Nominated for the Arthur Ellis Best First Mystery Novel in 1994
and a Globe & Mail Editor’s Top 100 Books Pick!
Book Description
The story follows Mercy Brown, a reluctant psychic and freelance journalist who embarks on a writing assignment-turned-adventure up the Alaska Highway upon discovering her late aunt’s mysterious diaries filled with Canadian dance history and a painful past. Harbour is proud to bring this book back into print!
Reviews
Alaska Highway Two-Step
by Caroline Woodward
Betty Webb - Mystery Scene Magazine
Caroline Woodward’s Alaska Highway Two-Step begs the question: Is this a mystery or not? My answer would be: no and yes. No, because no one gets murdered, and the only deaths in the book occur in the past and in the protagonist’s dreamlike prophecies. But in a way, the answer is also yes, because those prophecies hint at a terrible life-taking event which may or may not happen. Mercy Brown is a freelance travel writer (and possible psychic) whose sidekick is Sadie, her diabetic dog. When Mercy is given the job of writing a history of the Alaska Highway, she, Sadie, and 32 journals written by her deceased Aunt Ginger hit the road. Along her 1,500-mile journey, she has several adventures, but most of the action actually occurs in Aunt Ginger’s journals. A ballet dancer and world traveler who died of a stroke on a trip to Sri Lanka, Aunt Ginger never let a wild time pass her by. In comparison, Mercy’s life has been one of gardening, in particular growing rhododendrons. But during her long road trip, she is haunted by a journal-caused vision in which an entire community is destroyed by a river of mud. Mercy’s reading is varied enough that the vision reminds her of a tragedy in Wales. In 1966, when a mining-weakened hillside gave way, the mud roared down into the small village of Aberfan, killing 144 people, 116 of them school children. Mercy wonders if she is being warned that the same thing is about to happen in Alaska. This is an exquisitely written novel, full of lush descriptions of flowers and even potatoes. But it also moves so slowly that an impatient reader might begin to wonder if it will ever cut to the chase. Well, it does—and it doesn’t. Mercy’s visions are accurate, and yet, Alaska Highway Two-Step is not a book for excitement junkies, nor for readers who want a straight-ahead plot with a strong arc of action. However, for the patient reader, there is plenty of gold in this rhododendron-rich story of old tragedies, old heartbreaks, and new hopes.
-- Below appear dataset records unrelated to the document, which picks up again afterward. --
(* Let $M$ be a locally-finite map in $\mathbb{E}^2$ with exactly one end such that $V(M)$ is a locally finite collection of vertices, and suppose $G\le\mathrm{Isom}(\mathbb{E}^2)$ acts quasi-transitively on $M$. Then $G$ is a wallpaper group.
   Context: A map $M$ in a surface $X$ is a (simple, connected, infinite) graph embedded in $X$: vertices are distinct points, edges are curves meeting only at common endpoints, and each face is homeomorphic to an open disc. Locally-finite and number of ends refer to the underlying graph. $V(M)$ is a locally finite collection of vertices if every compact subset contains only finitely many vertices of $M$. $G$ acts on $M$ if each $g\in G$ maps $V(M)$ to itself inducing a graph automorphism (and maps the embedded map to itself); quasi-transitively means finitely many orbits on $V(M)$. A wallpaper group is a discrete group of isometries of $\mathbb{E}^2$ containing two linearly independent translations. *)

theory Defs
  imports "HOL-Analysis.Analysis"
begin

text \<open>The Euclidean plane E^2 is modelled by the type complex (a 2-dimensional real
Euclidean space). A map M is given by its vertex set V (points of the plane) and its
edge set E, each edge being the image (point set) of an arc joining two distinct vertices.\<close>

definition is_edge :: "complex set \<Rightarrow> complex set \<Rightarrow> bool" where
  "is_edge V e \<longleftrightarrow> (\<exists>\<gamma>. arc \<gamma> \<and> path_image \<gamma> = e \<and>
      pathstart \<gamma> \<in> V \<and> pathfinish \<gamma> \<in> V \<and> e \<inter> V = {pathstart \<gamma>, pathfinish \<gamma>})"

definition adj :: "complex set \<Rightarrow> complex set set \<Rightarrow> complex \<Rightarrow> complex \<Rightarrow> bool" where
  "adj V E u v \<longleftrightarrow> u \<noteq> v \<and> (\<exists>e\<in>E. e \<inter> V = {u, v})"

definition connected_avoiding ::
  "complex set \<Rightarrow> complex set set \<Rightarrow> complex set \<Rightarrow> complex \<Rightarrow> complex \<Rightarrow> bool" where
  "connected_avoiding V E S u v \<longleftrightarrow>
     (\<exists>p n. p 0 = u \<and> p n = v \<and> (\<forall>i\<le>n. p i \<in> V - S) \<and>
            (\<forall>i<n. adj V E (p i) (p (Suc i))))"

definition graph_connected :: "complex set \<Rightarrow> complex set set \<Rightarrow> bool" where
  "graph_connected V E \<longleftrightarrow> (\<forall>u\<in>V. \<forall>v\<in>V. connected_avoiding V E {} u v)"

definition locally_finite_graph :: "complex set \<Rightarrow> complex set set \<Rightarrow> bool" where
  "locally_finite_graph V E \<longleftrightarrow> (\<forall>u\<in>V. finite {v. adj V E u v})"

text \<open>Ends of a graph: equivalence classes of rays; two rays are equivalent if for every
finite vertex set S their tails lie in the same component of the graph minus S.\<close>
definition is_ray :: "complex set \<Rightarrow> complex set set \<Rightarrow> (nat \<Rightarrow> complex) \<Rightarrow> bool" where
  "is_ray V E r \<longleftrightarrow> inj r \<and> (\<forall>n. r n \<in> V) \<and> (\<forall>n. adj V E (r n) (r (Suc n)))"

definition ray_equiv ::
  "complex set \<Rightarrow> complex set set \<Rightarrow> (nat \<Rightarrow> complex) \<Rightarrow> (nat \<Rightarrow> complex) \<Rightarrow> bool" where
  "ray_equiv V E r r' \<longleftrightarrow>
     (\<forall>S. finite S \<longrightarrow> (\<exists>N. \<forall>i\<ge>N. \<forall>j\<ge>N. connected_avoiding V E S (r i) (r' j)))"

definition one_ended :: "complex set \<Rightarrow> complex set set \<Rightarrow> bool" where
  "one_ended V E \<longleftrightarrow> (\<exists>r. is_ray V E r) \<and>
     (\<forall>r r'. is_ray V E r \<longrightarrow> is_ray V E r' \<longrightarrow> ray_equiv V E r r')"

text \<open>A map in the plane: simple, connected, infinite graph embedded in E^2 whose faces
(components of the complement of the embedded graph) are open discs.\<close>
definition plane_map :: "complex set \<Rightarrow> complex set set \<Rightarrow> bool" where
  "plane_map V E \<longleftrightarrow>
     infinite V \<and>
     (\<forall>e\<in>E. is_edge V e) \<and>
     (\<forall>e\<in>E. \<forall>e'\<in>E. e \<noteq> e' \<longrightarrow> e \<inter> e' \<subseteq> V \<and> e \<inter> V \<noteq> e' \<inter> V) \<and>
     graph_connected V E \<and>
     (\<forall>F\<in>components (- (V \<union> \<Union>E)). F homeomorphic ball (0::complex) 1)"

definition locally_finite_vertices :: "complex set \<Rightarrow> bool" where
  "locally_finite_vertices V \<longleftrightarrow> (\<forall>K. compact K \<longrightarrow> finite (V \<inter> K))"

definition isometry :: "(complex \<Rightarrow> complex) \<Rightarrow> bool" where
  "isometry g \<longleftrightarrow> bij g \<and> (\<forall>x y. dist (g x) (g y) = dist x y)"

definition isom_group :: "(complex \<Rightarrow> complex) set \<Rightarrow> bool" where
  "isom_group G \<longleftrightarrow> (\<forall>g\<in>G. isometry g) \<and> id \<in> G \<and>
     (\<forall>g\<in>G. \<forall>h\<in>G. g \<circ> h \<in> G) \<and> (\<forall>g\<in>G. inv g \<in> G)"

definition acts_on_map ::
  "(complex \<Rightarrow> complex) set \<Rightarrow> complex set \<Rightarrow> complex set set \<Rightarrow> bool" where
  "acts_on_map G V E \<longleftrightarrow> (\<forall>g\<in>G. g ` V = V \<and> (\<lambda>e. g ` e) ` E = E)"

definition quasi_transitive ::
  "(complex \<Rightarrow> complex) set \<Rightarrow> complex set \<Rightarrow> bool" where
  "quasi_transitive G V \<longleftrightarrow> finite ((\<lambda>v. (\<lambda>g. g v) ` G) ` V)"

text \<open>Discreteness in Isom(E^2) (compact-open topology): the identity is isolated, i.e.
some basic neighbourhood of id (uniformly e-close to id on a closed disc) meets G only in id.\<close>
definition discrete_isom_group :: "(complex \<Rightarrow> complex) set \<Rightarrow> bool" where
  "discrete_isom_group G \<longleftrightarrow> (\<exists>R>0. \<exists>e>0. \<forall>g\<in>G.
      (\<forall>x\<in>cball 0 R. dist (g x) x < e) \<longrightarrow> g = id)"

definition wallpaper_group :: "(complex \<Rightarrow> complex) set \<Rightarrow> bool" where
  "wallpaper_group G \<longleftrightarrow> isom_group G \<and> discrete_isom_group G \<and>
     (\<exists>c1 c2. c1 \<noteq> c2 \<and> independent {c1, c2} \<and>
        (\<lambda>x. x + c1) \<in> G \<and> (\<lambda>x. x + c2) \<in> G)"

end

theory Submission
  imports Defs
begin

text \<open>
  Every isometry of the plane is z \<mapsto> a z + b or z \<mapsto> a (cnj z) + b with |a| = 1. If G contained
  no nontrivial translation, its orientation-preserving elements would commute (their commutators are
  translations) and so fix a common point c; the orbit of c would then have at most two points, every
  orbit would be bounded, hence finite because V is locally finite, and quasi-transitivity would make V
  finite. So G contains a translation by some t \<noteq> 0. If all translations in G were parallel to t,
  then G would have only finitely many linear parts and V would lie in a strip along t; as edges have
  bounded length, the finitely many vertices in a window across the strip would separate a ray heading
  in direction t from one heading in direction -t, contradicting one-endedness. Hence G contains
  translations by independent vectors t and t'. An element of G that is uniformly close to the identity
  on a large disc must fix the isolated vertices v, v + t and v + t', and is therefore the identity.
\<close>

section \<open>Isometries of the complex plane\<close>

lemma isometry_complex_cases:
  fixes g :: "complex \<Rightarrow> complex"
  assumes dist_g: "\<And>x y. dist (g x) (g y) = dist x y"
  obtains (direct) a b where "cmod a = 1" "g = (\<lambda>z. a * z + b)"
    | (opposite) a b where "cmod a = 1" "g = (\<lambda>z. a * cnj z + b)"
proof -
  define a where "a = g 1 - g 0"
  have a1: "cmod a = 1" using dist_g[of 1 0] by (simp add: a_def dist_norm)
  hence a0: "a \<noteq> 0" by auto
  define f where "f z = (g z - g 0) / a" for z
  have g_f: "g z = a * f z + g 0" for z using a0 by (simp add: f_def)
  have dist_f: "cmod (f z - f w) = cmod (z - w)" for z w
  proof -
    have "f z - f w = (g z - g w) / a" by (simp add: f_def diff_divide_distrib)
    thus ?thesis using dist_g[of z w] by (simp add: norm_divide a1 dist_norm)
  qed
  have f0: "f 0 = 0" and f1: "f 1 = 1" using a0 by (simp_all add: f_def a_def)
  \<comment> \<open>f fixes 0 and 1, so it preserves real parts and preserves or negates imaginary parts\<close>
  have f_pointwise: "f z = z \<or> f z = cnj z" for z
  proof -
    have "Re (f z)^2 + Im (f z)^2 = Re z^2 + Im z^2"
      using dist_f[of z 0] f0 by (simp add: cmod_def)
    moreover have "(Re (f z) - 1)^2 + Im (f z)^2 = (Re z - 1)^2 + Im z^2"
      using dist_f[of z 1] f1 by (simp add: cmod_def)
    ultimately have "Re (f z) = Re z" "Im (f z)^2 = Im z^2"
      by (simp_all add: power2_eq_square algebra_simps)
    thus ?thesis by (auto simp: complex_eq_iff power2_eq_iff)
  qed
  have "(\<forall>z. f z = z) \<or> (\<forall>z. f z = cnj z)"
  proof (rule ccontr)
    assume "\<not> ?thesis"
    then obtain z w where "f z \<noteq> z" "f w \<noteq> cnj w" by auto
    with f_pointwise[of z] f_pointwise[of w]
    have z: "f z = cnj z" "Im z \<noteq> 0" and w: "f w = w" "Im w \<noteq> 0"
      by (auto simp: complex_eq_iff)
    have "cmod (cnj z - w) = cmod (z - w)" using dist_f[of z w] z w by simp
    hence "(Re z - Re w)^2 + (- Im z - Im w)^2 = (Re z - Re w)^2 + (Im z - Im w)^2"
      by (simp add: cmod_def)
    hence "Im z * Im w = 0" by (simp add: power2_eq_square algebra_simps)
    thus False using z w by simp
  qed
  thus thesis using that a1 g_f by (metis ext)
qed

lemma isometry_add:
  fixes g :: "complex \<Rightarrow> complex"
  assumes "\<And>x y. dist (g x) (g y) = dist x y"
  shows "g (x + t) = g x + (g t - g 0)"
  by (cases rule: isometry_complex_cases[OF assms]) (simp_all add: algebra_simps)

lemma in_span_singleton_iff_Im_mult_cnj:
  fixes s t :: complex
  assumes "s \<noteq> 0"
  shows "t \<in> span {s} \<longleftrightarrow> Im (t * cnj s) = 0"
proof
  assume "t \<in> span {s}"
  then obtain r where "t = of_real r * s" by (auto simp: span_singleton scaleR_conv_of_real)
  thus "Im (t * cnj s) = 0" by (simp add: mult.assoc complex_mult_cnj del: of_real_power)
next
  assume "Im (t * cnj s) = 0"
  hence "t * cnj s = of_real (Re (t * cnj s))" by (simp add: complex_eq_iff)
  moreover have "t * of_real ((cmod s)^2) = (t * cnj s) * s"
    by (metis complex_norm_square mult.assoc mult.commute)
  ultimately have "t = of_real (Re (t * cnj s) / (cmod s)^2) * s"
    using assms by (simp add: field_simps)
  thus "t \<in> span {s}" by (metis span_singleton scaleR_conv_of_real UNIV_I image_eqI)
qed

lemma isometry_fixing_triangle_is_id:
  fixes g :: "complex \<Rightarrow> complex"
  assumes "\<And>x y. dist (g x) (g y) = dist x y" "s \<noteq> 0" "t \<notin> span {s}"
    and "g v = v" "g (v + s) = v + s" "g (v + t) = v + t"
  shows "g = id"
  using assms(1)
proof (cases rule: isometry_complex_cases)
  case (direct a b)
  have v: "a * v + b = v" and vs: "a * (v + s) + b = v + s" using direct assms(4,5) by simp_all
  have "a * s = (a * (v + s) + b) - (a * v + b)" by (simp add: algebra_simps)
  hence "a * s = s" unfolding v vs by simp
  hence "a = 1" using \<open>s \<noteq> 0\<close> by simp
  thus ?thesis using direct v by (simp add: fun_eq_iff)
next
  case (opposite a b)
  have v: "a * cnj v + b = v" and vs: "a * cnj (v + s) + b = v + s"
    and vt: "a * cnj (v + t) + b = v + t" using opposite assms(4-6) by simp_all
  have "a * cnj s = (a * cnj (v + s) + b) - (a * cnj v + b)"
    and "a * cnj t = (a * cnj (v + t) + b) - (a * cnj v + b)" by (simp_all add: algebra_simps)
  hence as: "a * cnj s = s" and at: "a * cnj t = t" unfolding v vs vt by simp_all
  have "t * cnj s = cnj t * (a * cnj s)" by (subst at[symmetric]) (simp add: mult_ac)
  also have "\<dots> = cnj (t * cnj s)" by (simp add: as)
  finally have "Im (t * cnj s) = - Im (t * cnj s)" by (metis cnj.sel(2))
  hence "Im (t * cnj s) = 0" by simp
  thus ?thesis using assms(2,3) in_span_singleton_iff_Im_mult_cnj by blast
qed

definition orientation_preserving :: "(complex \<Rightarrow> complex) \<Rightarrow> bool" where
  "orientation_preserving g \<longleftrightarrow> (\<exists>a b. \<forall>z. g z = a * z + b)"

lemma orientation_preservingD:
  "orientation_preserving g \<Longrightarrow> g z = (g 1 - g 0) * z + g 0"
  by (auto simp: orientation_preserving_def)

lemma isometry_orientation_reversing:
  assumes "\<And>x y. dist (g x) (g y) = dist x y" and "\<not> orientation_preserving g"
  obtains a b where "g = (\<lambda>z. a * cnj z + b)"
  using assms(2) by (cases rule: isometry_complex_cases[OF assms(1)]) (auto simp: orientation_preserving_def)

lemma orientation_preserving_comp_reversing:
  assumes "\<And>x y. dist (g x) (g y) = dist x y" "\<not> orientation_preserving g"
    and "\<And>x y. dist (h x) (h y) = dist x y" "\<not> orientation_preserving h"
  shows "orientation_preserving (g \<circ> h)"
proof -
  obtain a b where "g = (\<lambda>z. a * cnj z + b)" using assms(1,2) by (rule isometry_orientation_reversing)
  moreover obtain c d where "h = (\<lambda>z. c * cnj z + d)" using assms(3,4) by (rule isometry_orientation_reversing)
  ultimately have "g \<circ> h = (\<lambda>z. (a * cnj c) * z + (a * cnj d + b))"
    by (simp add: fun_eq_iff algebra_simps)
  thus ?thesis unfolding orientation_preserving_def by auto
qed

lemma orientation_preserving_commutator:
  assumes "orientation_preserving g" "orientation_preserving h"
  shows "g (h z) = h (g z) + (g (h 0) - h (g 0))"
  using assms by (auto simp: orientation_preserving_def algebra_simps)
Alaska Highway Two-Step (by Caroline Woodward). Northern Review Reviewed by Aline Goncalves
A tale of interwoven journeys of self-discovery. This summarizes what
Caroline Woodward does in Alaska Highway Two-Step, a novel with
several narrative lines that transition between present and past, dream
and reality.
The story begins with a first-person account told through the eyes
of Mercy Brown, a freelance journalist whose most common jobs involve
writing small pieces for insignificant publications. Mercy’s destiny is
changed when she receives an invitation to write a series of articles
about the Alaska Highway, an assignment that requires Mercy and her loyal
elderly dog, Sadie, to be en route to Alaska and the Yukon.
Here, one might expect to read about the adventures of a single
woman and a dog travelling to a distant land in an old Volkswagen van,
but Woodward chooses a mixed path. Instead of a straightforward travel
novel, the author alternates journeys between a physical and a
psychological landscape. One of these journeys happens in the past and
is based on the diaries of Mercy’s deceased aunt, Ginger Brown.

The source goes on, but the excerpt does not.